Aims of the course
The main aim of this course is to provide an overview of the opportunities for exploiting shared data within RIs. Specifically, the course aims to raise awareness of these opportunities and encourage the implementation of data-driven approaches through the application of advanced statistical techniques.
The focus is primarily on the RISIS European Infrastructure, on topics related to Science, Technology, and Innovation (STI), one of the three infrastructures that initiated the FOSSR project, and on advanced statistical techniques that FOSSR is treating in its research work packages.
Drawing inspiration from the data available within RISIS, the course will explore aspects of data access, interoperability and processing in depth. From data exploration to data processing, the process will be substantiated by the exemplary application of advanced statistical techniques, particularly Network Science and Bayesian Modelling, that will be treated in theory and practise.
After completing this course, learners will be aware of the opportunities linked to RIs in SSH, particularly the RISIS infrastructure, and will gain in-depth knowledge of techniques developed within the FOSSR research Work Packages.
Course description
The course will guide participants through the process of engaging with a RI and making reasoned use of its resources for research purposes.
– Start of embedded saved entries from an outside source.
(* Let $r \le n$ and $p \ge r$ be positive integers. Let $V \in \mathbb{R}^{n \times r}$, let $W \in \mathbb{R}^{n \times p}$, let $h: \mathbb{R}^{r} \to \mathbb{R}^{p}$ be any (feature) map, and define the correction map $H: \mathbb{R}^r \to \mathbb{R}^n$ by $H(z) = W h(z)$. Consider the set $$\mathcal{M}_r(V, H) = \{ V z + W h(z) \,:\, z \in \mathbb{R}^{r} \} \subset \mathbb{R}^{n}.$$ Let $Q = [q^{(1)}, \dots, q^{(k)}] \in \mathbb{R}^{n \times k}$ be a data matrix with singular values $\sigma_1 \ge \sigma_2 \ge \dots \ge \sigma_{\ell}$, where $\ell = \min(n, k)$ and $\ell \ge r$. Then $$\sum_{i=1}^{k} \min_{\hat{q}^{(i)} \in \mathcal{M}_r(V,H)} \|\hat{q}^{(i)} - q^{(i)}\|_2^2 \;\ge\; \sum_{i = p + r + 1}^{\ell} \sigma_i^2 ,$$ where the minimum is understood as an infimum and the right-hand side is an empty sum (equal to $0$) if $p + r \ge \ell$.
   Context: $\|\cdot\|_2$ denotes the Euclidean norm. The singular values of $Q$ are listed in non-increasing order. In the paper's typical application $h$ is the quadratic feature map $z \mapsto (z_1z_1, z_1z_2, \dots, z_1 z_r, z_2 z_2, \dots, z_r z_r)^\top$ with $p = r(r+1)/2$, but the statement holds for an arbitrary map $h:\mathbb{R}^r\to\mathbb{R}^p$. *)

theory Defs
  imports "Jordan_Normal_Form.Char_Poly"
begin

text \<open>The eigenvalues
  with multiplicity are the roots of the (monic, real-split) characteristic polynomial.
  The list has length k; its first min(n,k) entries are the singular values
  sigma_1 >= ... >= sigma_l.\<close>
definition singular_values :: "real mat \<Rightarrow> real list" where
  "singular_values Q = map sqrt (THE xs. sorted_wrt (\<ge>) xs \<and>
      char_poly (transpose_mat Q * Q) = (\<Prod>a\<leftarrow>xs. [:- a, 1:]))"

definition manifold_set :: "nat \<Rightarrow> real mat \<Rightarrow> real mat \<Rightarrow> (real vec \<Rightarrow> real vec) \<Rightarrow> real vec set" where
  "manifold_set r V W h = {V *\<^sub>v z + W *\<^sub>v h z | z. z \<in> carrier_vec r}"

definition sq_dist :: "nat \<Rightarrow> real vec \<Rightarrow> real vec \<Rightarrow> real" where
  "sq_dist n x y = (\<Sum>j<n. (x $ j - y $ j)^2)"

end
Furthermore, it will present the application of advanced statistical techniques on infrastructure data, particularly Network Models and Bayesian Modeling.
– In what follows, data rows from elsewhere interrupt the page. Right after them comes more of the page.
text \<open>The variables stand for the values at \<open>x\<close> of \<open>Q\<^sub>m, P\<^sub>m, P\<^sub>m\<^sub>-\<^sub>1, P\<^sub>m\<^sub>+\<^sub>1\<close> and their derivatives
  (primed), with \<open>s = \<sigma>(x)\<close> and \<open>a\<^sub>n, b\<^sub>n, a\<^sub>m, b\<^sub>m\<close> the structure coefficients at \<open>x\<close>.\<close>

lemma two_term_values:
  fixes \<gamma> s l bm q q' p p' pm1 pm1' pn pn' x \<beta> an bn am :: real
  assumes "\<gamma> \<noteq> 0" "s \<noteq> 0" "l \<noteq> 0" "bm \<noteq> 0"
    and Q: "q = p + l * pm1" and Q': "q' = p' + l * pm1'"
    and rec: "x * p = pn + \<beta> * p + \<gamma> * pm1"
    and rec': "p + x * p' = pn' + \<beta> * p' + \<gamma> * pm1'"
    and struct_n: "s * pn' = an * pn + bn * p"
    and struct_m: "s * p' = am * p + bm * pm1"
  shows "q = - l / \<gamma> * pn + l * (1 / l + (x - \<beta>) / \<gamma>) * p
         \<and> q' = - (l / s) * (an / \<gamma> + bm / \<gamma> * (1 / l + (x - \<beta>) / \<gamma>)) * pn
            + l / s * ((s - bn) / \<gamma> + bm * (am / bm + (x - \<beta>) / \<gamma>) * (1 / l + (x - \<beta>) / \<gamma>)) * p"
proof
  have pm1: "pm1 = (x * p - pn - \<beta> * p) / \<gamma>"
    using rec \<open>\<gamma> \<noteq> 0\<close> by (simp add: field_simps)
  show "q = - l / \<gamma> * pn + l * (1 / l + (x - \<beta>) / \<gamma>) * p"
    using assms(1,3) unfolding Q pm1 by (simp add: field_simps)
next
  define C where "C = - l * (an * \<gamma> + bm * (\<gamma> / l + (x - \<beta>)))"
  define D where "D = l * ((s - bn) * \<gamma> + (am * \<gamma> + bm * (x - \<beta>)) * (\<gamma> / l + (x - \<beta>)))"
  have "s * \<gamma> * \<gamma> * q'
      = \<gamma> * \<gamma> * (s * p') + l * \<gamma> * (s * p + x * (s * p') - s * pn' - \<beta> * (s * p'))"
    unfolding Q' using rec' by algebra
  also have "\<dots> = C * pn + D * p"
    unfolding struct_n struct_m C_def D_def using rec \<open>l \<noteq> 0\<close> by (simp add: field_simps) algebra
  finally have "q' = C / (s * \<gamma> * \<gamma>) * pn + D / (s * \<gamma> * \<gamma>) * p"
    using assms(1,2) by (simp add: field_simps)
  moreover have "C / (s * \<gamma> * \<gamma>) = - (l / s) * (an / \<gamma> + bm / \<gamma> * (1 / l + (x - \<beta>) / \<gamma>))"
    using assms(1-3) unfolding C_def by (simp add: field_simps)
  moreover have "D / (s * \<gamma> * \<gamma>)
      = l / s * ((s - bn) / \<gamma> + bm * (am / bm + (x - \<beta>) / \<gamma>) * (1 / l + (x - \<beta>) / \<gamma>))"
    using assms(1-4) unfolding D_def by (simp add: field_simps)
  ultimately show "q' = - (l / s) * (an / \<gamma> + bm / \<gamma> * (1 / l + (x - \<beta>) / \<gamma>)) * pn
            + l / s * ((s - bn) / \<gamma> + bm * (am / bm + (x - \<beta>) / \<gamma>) * (1 / l + (x - \<beta>) / \<gamma>)) * p"
    by simp
qed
From an organizational perspective the course will be structured in four on-line training modules, each one built on frontal lessons and several interactions.
In particular:
Module 1. Research Infrastructures and Open Science
The module will outline the contours of the new paradigm for scientific knowledge production, emphasizing openness, the value of collaboration, and data availability. It will explore the features of data-intensive science, which underpin the creation and strengthening of Research Infrastructures (RI). The characteristics of these sociotechnical platforms will be discussed by analyzing both the Italian and European contexts, with reference to FOSSR’s efforts in developing the Italian Open Cloud for Social Sciences.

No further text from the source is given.